AirAsia flight QZ8501, which crashed into the Java Sea on Sunday, behaved in ways “bordering on the edge of logic”, according to an Indonesian aviation expert.

Comments from various experts come as France's crash investigation agency said its specialist black box search team and equipment would arrive early Friday at the search area for the AirAsia flight. The black box will reveal what happened in the final moments of the crash, as the truth behind the cause is still unknown.

Only eight victims have been recovered from the Java Sea despite a a brief window of clear conditions on Thursday. Officials say 162 people died the plane crashed on route from Surabaya to Singapore on Sunday.

Indonesian aviation analyst Gerry Soejatman believes the aircraft rose up as fast as a fighter jet and then dropped back into the ocean almost vertically into the water.

And the extreme weather which Airbus 320-200 encountered meant the pilots were helpless to save the passengers and crew on-board, Soejatman told Fairfax media after he examined figures leaked from the official air crash investigation team.

He said “It’s really hard to comprehend [the plane acted in a way] bordering on the edge of logic,” as it plunged into the water “‘like a piece of metal being thrown down.”

Mr Soejatman believes the crash occurred because the aircraft was caught in a severe updraft, followed by an equally severe ground draft, with the leaked figures showing that it climbed at a staggering rate of 6000ft to 9000ft per minute.

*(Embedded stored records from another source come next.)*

lemma Inf_ge_of_second_deriv_le:
  fixes u u' u'' :: "real \<Rightarrow> real"
  assumes "\<And>x. (u has_real_derivative u' x) (at x)"
    and "\<And>x. (u' has_real_derivative u'' x) (at x)"
    and "bdd_below (range u)" and "\<beta> \<ge> 0"
    and "\<And>x. u'' x \<le> c + \<beta> * u x"
  shows "0 \<le> c + \<beta> * Inf (range u)"
proof -
  have "- (c + \<beta> * Inf (range u)) \<le> 0"
  proof (rule field_le_epsilon_scaled)
    show "1 + \<beta> > 0" using \<open>\<beta> \<ge> 0\<close> by simp
    fix e :: real
    assume "e > 0"
    then obtain x where x: "u x \<le> Inf (range u) + e" "- e \<le> u'' x"
      using approximate_min_principle[OF assms(1-3)] by blast
    have "\<beta> * u x \<le> \<beta> * (Inf (range u) + e)"
      using x \<open>\<beta> \<ge> 0\<close> by (intro mult_left_mono)
    then show "- (c + \<beta> * Inf (range u)) \<le> 0 + (1 + \<beta>) * e"
      using assms(5)[of x] x by (simp add: algebra_simps)
  qed
  then show ?thesis by simp
qed

lemma le_divide_of_mult_le_of_ge:
  fixes m v t \<delta> :: real
  assumes "0 < m" "m \<le> v" "0 \<le> \<delta>" "v * t \<le> \<delta>"
  shows "t \<le> \<delta> / m"
proof (cases "t \<le> 0")
  case True
  then show ?thesis using assms by (smt (verit) divide_nonneg_pos)
next
  case False
  then have "m * t \<le> v * t" using assms(2) by (simp add: mult_right_mono)
  then show ?thesis using assms by (simp add: pos_le_divide_eq mult.commute)
qed

lemma Sup_le_of_advected_second_deriv_ge:
  fixes u u' u'' g :: "real \<Rightarrow> real"
  assumes "\<And>x. (u has_real_derivative u' x) (at x)"
    and "\<And>x. (u' has_real_derivative u'' x) (at x)"
    and "bdd_above (range u)" and "0 < m" and "\<And>y. m \<le> u y"
    and "bounded (range g)" and "\<beta> \<ge> 0"
    and "\<And>x. u x * (c + \<beta> * u x) \<le> u'' x - g x * u' x"
  shows "c + \<beta> * Sup (range u) \<le> 0"
proof -
  obtain K where K: "\<And>y. \<bar>g y\<bar> \<le> K" using assms(6) unfolding bounded_iff by auto
  then have "K \<ge> 0" by (meson abs_ge_zero order_trans)
  show ?thesis
  proof (rule field_le_epsilon_scaled)
    show "\<beta> + (1 + K) / m > 0" using \<open>K \<ge> 0\<close> \<open>0 < m\<close> \<open>\<beta> \<ge> 0\<close> by (simp add: add_nonneg_pos)
    fix e :: real
    assume "e > 0"
    then obtain x where x: "Sup (range u) - e \<le> u x" "\<bar>u' x\<bar> \<le> e" "u'' x \<le> e"
      using approximate_max_principle[OF assms(1-3)] by blast
    have "\<bar>g x * u' x\<bar> \<le> K * e"
      unfolding abs_mult using x(2) K[of x] by (intro mult_mono) auto
    then have "u x * (c + \<beta> * u x) \<le> (1 + K) * e"
      using assms(8)[of x] x(3) by (simp add: algebra_simps abs_le_iff)
    then have "c + \<beta> * u x \<le> (1 + K) * e / m"
      using \<open>K \<ge> 0\<close> \<open>e > 0\<close> by (intro le_divide_of_mult_le_of_ge[OF assms(4,5)]) auto
    moreover have "\<beta> * (Sup (range u) - e) \<le> \<beta> * u x"
      using x(1) \<open>\<beta> \<ge> 0\<close> by (intro mult_left_mono)
    ultimately show "c + \<beta> * Sup (range u) \<le> 0 + (\<beta> + (1 + K) / m) * e"
      by (simp add: algebra_simps)
  qed
qed

lemma Inf_ge_of_advected_second_deriv_le:
  fixes u u' u'' g :: "real \<Rightarrow> real"
  assumes "\<And>x. (u has_real_derivative u' x) (at x)"
    and "\<And>x. (u' has_real_derivative u'' x) (at x)"
    and "0 < m" and "\<And>y. m \<le> u y"
    and "bounded (range g)" and "\<beta> \<ge> 0"
    and "\<And>x. u'' x - g x * u' x \<le> u x * (c + \<beta> * u x)"
  shows "0 \<le> c + \<beta> * Inf (range u)"
proof -
  obtain K where K: "\<And>y. \<bar>g y\<bar> \<le> K" using assms(5) unfolding bounded_iff by auto
  then have "K \<ge> 0" by (meson abs_ge_zero order_trans)
  have "bdd_below (range u)" using assms(4) by (intro bdd_belowI2)
  have "- (c + \<beta> * Inf (range u)) \<le> 0"
  proof (rule field_le_epsilon_scaled)
    show "\<beta> + (1 + K) / m > 0" using \<open>K \<ge> 0\<close> \<open>0 < m\<close> \<open>\<beta> \<ge> 0\<close> by (simp add: add_nonneg_pos)
    fix e :: real
    assume "e > 0"
    then obtain x where x: "u x \<le> Inf (range u) + e" "\<bar>u' x\<bar> \<le> e" "- e \<le> u'' x"
      using approximate_min_principle[OF assms(1,2) \<open>bdd_below (range u)\<close>] by blast
    have "\<bar>g x * u' x\<bar> \<le> K * e"
      unfolding abs_mult using x(2) K[of x] by (intro mult_mono) auto
    then have "u x * - (c + \<beta> * u x) \<le> (1 + K) * e"
      using assms(7)[of x] x(3) by (simp add: algebra_simps abs_le_iff)
    then have "- (c + \<beta> * u x) \<le> (1 + K) * e / m"
      using \<open>K \<ge> 0\<close> \<open>e > 0\<close> by (intro le_divide_of_mult_le_of_ge[OF assms(3,4)]) auto
    moreover have "\<beta> * u x \<le> \<beta> * (Inf (range u) + e)"
      using x(1) \<open>\<beta> \<ge> 0\<close> by (intro mult_left_mono)
    ultimately show "- (c + \<beta> * Inf (range u)) \<le> 0 + (\<beta> + (1 + K) / m) * e"
      by (simp add: algebra_simps)
  qed
  then show ?thesis by simp
qed

lemma eq_const_if_Sup_le_Inf:
  fixes f :: "'a \<Rightarrow> real"
  assumes "bdd_above (range f)" "bdd_below (range f)"
    and "Sup (range f) \<le> c" "c \<le> Inf (range f)"
  shows "f = (\<lambda>_. c)"
proof
  fix x
  show "f x = c"
    using cSup_upper[of "f x" "range f"] cInf_lower[of "f x" "range f"] assms by simp
qed

locale bounded_steady_state =
  fixes chi a b lam mu :: real and phi phi' phi'' psi psi' psi'' :: "real \<Rightarrow> real"
  assumes chi_pos: "chi > 0" and lam_pos: "lam > 0" and mu_pos: "mu > 0"
    and phi': "\<And>x. (phi has_real_derivative phi' x) (at x)"
    and phi'': "\<And>x. (phi' has_real_derivative phi'' x) (at x)"
    and psi': "\<And>x. (psi has_real_derivative psi' x) (at x)"
    and psi'': "\<And>x. (psi' has_real_derivative psi'' x) (at x)"
    and eq_phi: "\<And>x. phi'' x - chi * (phi' x * psi' x + phi x * psi'' x) + phi x * (a - b * phi x) = 0"
    and eq_psi: "\<And>x. psi'' x - lam * psi x + mu * phi x = 0"
    and bounded_phi: "bounded (range phi)" and bounded_psi: "bounded (range psi)"
    and Inf_phi_pos: "Inf (range phi) > 0"
begin

lemma bdd_phi: "bdd_above (range phi)" "bdd_below (range phi)"
  using bounded_phi by (auto intro: bounded_imp_bdd_above bounded_imp_bdd_below)

lemma bdd_psi: "bdd_above (range psi)" "bdd_below (range psi)"
  using bounded_psi by (auto intro: bounded_imp_bdd_above bounded_imp_bdd_below)

lemma phi_bounds: "Inf (range phi) \<le> phi x" "phi x \<le> Sup (range phi)"
  using bdd_phi by (auto intro: cSup_upper cInf_lower)

lemma psi_bounds: "Inf (range psi) \<le> psi x" "psi x \<le> Sup (range psi)"
  using bdd_psi by (auto intro: cSup_upper cInf_lower)

lemma phi_pos: "phi x > 0"
  using phi_bounds(1) Inf_phi_pos by (rule less_le_trans[rotated])

lemma Sup_psi_le: "lam * Sup (range psi) \<le> mu * Sup (range phi)"
proof -
  have "- mu * Sup (range phi) + lam * psi x \<le> psi'' x" for x
    using eq_psi[of x] mult_left_mono[OF phi_bounds(2)[of x] less_imp_le[OF mu_pos]] by simp
  then show ?thesis
    using Sup_le_of_second_deriv_ge[OF psi' psi'' bdd_psi(1), of lam "- mu * Sup (range phi)"] lam_pos by simp
qed

lemma Inf_psi_ge: "mu * Inf (range phi) \<le> lam * Inf (range psi)"
proof -
  have "psi'' x \<le> - mu * Inf (range phi) + lam * psi x" for x
    using eq_psi[of x] mult_left_mono[OF phi_bounds(1)[of x] less_imp_le[OF mu_pos]] by simp
  then show ?thesis
    using Inf_ge_of_second_deriv_le[OF psi' psi'' bdd_psi(2), of lam "- mu * Inf (range phi)"] lam_pos by simp
qed

lemma bounded_psi': "bounded (range psi')"
proof -
  obtain M0 M1 where M0: "\<And>x. \<bar>phi x\<bar> \<le> M0" and M1: "\<And>x. \<bar>psi x\<bar> \<le> M1"
    using bounded_phi bounded_psi unfolding bounded_iff by auto
  have "\<bar>psi'' x\<bar> \<le> lam * M1 + mu * M0" for x
  proof -
    have "\<bar>psi'' x\<bar> \<le> \<bar>lam * psi x\<bar> + \<bar>mu * phi x\<bar>"
      using eq_psi[of x] abs_triangle_ineq4[of "lam * psi x" "mu * phi x"] by simp
    also have "\<dots> = lam * \<bar>psi x\<bar> + mu * \<bar>phi x\<bar>"
      using lam_pos mu_pos by (simp add: abs_mult)
    also have "\<dots> \<le> lam * M1 + mu * M0"
      using M0[of x] M1[of x] lam_pos mu_pos by (intro add_mono mult_left_mono) auto
    finally show ?thesis .
  qed
  then show ?thesis
    unfolding bounded_iff using first_deriv_bound[OF psi' psi'' M1] by auto
qed

lemma bounded_chi_psi': "bounded (range (\<lambda>x. chi * psi' x))"
  using bounded_scaleR_comp[OF bounded_psi', of chi] by simp

lemma reaction_form:
  "phi'' x - chi * psi' x * phi' x = phi x * (chi * lam * psi x + (b - chi * mu) * phi x - a)"
proof -
  have psi'': "psi'' x = lam * psi x - mu * phi x" using eq_psi[of x] by simp
  show ?thesis using eq_phi[of x] unfolding psi'' by (simp add: algebra_simps)
qed

lemma chi_lam_psi_bounds:
  "chi * mu * Inf (range phi) \<le> chi * lam * psi x" "chi * lam * psi x \<le> chi * mu * Sup (range phi)"
proof -
  have "mu * Inf (range phi) \<le> lam * psi x" "lam * psi x \<le> mu * Sup (range phi)"
    using Inf_psi_ge Sup_psi_le mult_left_mono[OF psi_bounds(1)[of x] less_imp_le[OF lam_pos]]
      mult_left_mono[OF psi_bounds(2)[of x] less_imp_le[OF lam_pos]] by linarith+
  then show "chi * mu * Inf (range phi) \<le> chi * lam * psi x"
    and "chi * lam * psi x \<le> chi * mu * Sup (range phi)"
    using chi_pos by (simp_all add: mult.assoc)
qed

lemma Sup_phi_le:
  assumes "chi * mu \<le> b"
  shows "(b - chi * mu) * Sup (range phi) + chi * mu * Inf (range phi) \<le> a"
proof -
  have "phi x * (chi * mu * Inf (range phi) - a + (b - chi * mu) * phi x)
      \<le> phi'' x - chi * psi' x * phi' x" for x
    unfolding reaction_form using chi_lam_psi_bounds(1)[of x] phi_pos[of x] by (intro mult_left_mono) auto
  from Sup_le_of_advected_second_deriv_ge[where g = "\<lambda>x. chi * psi' x",
      OF phi' phi'' bdd_phi(1) Inf_phi_pos phi_bounds(1) bounded_chi_psi' _ this]
  show ?thesis using assms by simp
qed

lemma Inf_phi_ge:
  assumes "chi * mu \<le> b"
  shows "a \<le> (b - chi * mu) * Inf (range phi) + chi * mu * Sup (range phi)"
proof -
  have "phi'' x - chi * psi' x * phi' x
      \<le> phi x * (chi * mu * Sup (range phi) - a + (b - chi * mu) * phi x)" for x
    unfolding reaction_form using chi_lam_psi_bounds(2)[of x] phi_pos[of x] by (intro mult_left_mono) auto
  from Inf_ge_of_advected_second_deriv_le[where g = "\<lambda>x. chi * psi' x",
      OF phi' phi'' Inf_phi_pos phi_bounds(1) bounded_chi_psi' _ this]
  show ?thesis using assms by simp
qed

lemma eq_homogeneous_state:
  assumes "b > 2 * chi * mu"
  shows "phi = (\<lambda>x. a / b) \<and> psi = (\<lambda>x. a * mu / (b * lam))"
proof -
  define \<Phi> m where "\<Phi> = Sup (range phi)" and "m = Inf (range phi)"
  have "chi * mu > 0" using chi_pos mu_pos by simp
  with assms have "chi * mu \<le> b" "b > 0" by linarith+
  note phi_Sup = Sup_phi_le[OF this(1), folded \<Phi>_def m_def]
    and phi_Inf = Inf_phi_ge[OF this(1), folded \<Phi>_def m_def]
  have "(b - 2 * chi * mu) * (\<Phi> - m) \<le> 0"
    using phi_Sup phi_Inf by (simp add: algebra_simps)
  moreover have "m \<le> \<Phi>" using phi_bounds[of 0] unfolding \<Phi>_def m_def by simp
  ultimately have "\<Phi> = m" using assms by (simp add: mult_le_0_iff)
  then have phi_const: "\<Phi> \<le> a / b" "a / b \<le> m"
    using phi_Sup phi_Inf \<open>b > 0\<close> by (simp_all add: field_simps)
  then have "lam * Sup (range psi) \<le> mu * (a / b)" "mu * (a / b) \<le> lam * Inf (range psi)"
    using Sup_psi_le Inf_psi_ge mult_left_mono[of _ _ mu] mu_pos unfolding \<Phi>_def m_def
    by (meson less_imp_le order.trans)+
  then have psi_const: "Sup (range psi) \<le> a * mu / (b * lam)" "a * mu / (b * lam) \<le> Inf (range psi)"
    using lam_pos \<open>b > 0\<close> by (simp_all add: field_simps)
  show ?thesis
    using eq_const_if_Sup_le_Inf[OF bdd_phi phi_const[unfolded \<Phi>_def m_def]]
      eq_const_if_Sup_le_Inf[OF bdd_psi psi_const] by simp
qed

end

The aircraft then fell at 11,000ft a minute, with bursts of up to 24,000ft – in marked contrast to regular circumstances, when a plane would climb between 1000ft to 1500ft on a sustained basis, gaining 3000ft in a burst.

“You can’t do that at altitude in an Airbus 320 with pilot action,” he argued.

In contrast, aviation expert Peter Marosszeky, from the University of NSW, told the Sydney Morning Herald that the extremely low speed of the aircraft’s descent - as low as 61 knots - would suggest the plane was heading almost straight down, explaining why it has been found in water just 10km from its last point of radar contact.

Mr Marosszeky surmised that a climb rate of at least 6000ft a minute would indicate a “severe weather event,” because that rate of climb was a ‘domain for jet fighters.’

But both experts agree that the jet plunged into the water almost vertically because of a freak weather pattern that placed it under extraordinary force.

Meanwhile, Dudi Sudibyo, a senior editor of aviation magazine Angkasa instead claimed that the pilot managed to land on the sea before the craft was overwhelmed, the Mirror reported.

He suggested the plane landed safely as a heavy impact would have set off emergency locator transmitters on board – but there is no evidence this happened.

The craft was then swamped before sinking below the waves due to the stormy weather, he claimed.

Earlier in the week, AirAsia chief executive Tony Fernandes suggested the jet had encountered "very unique weather” and suggested climate change may be making flights more risky, particularly in the tropics.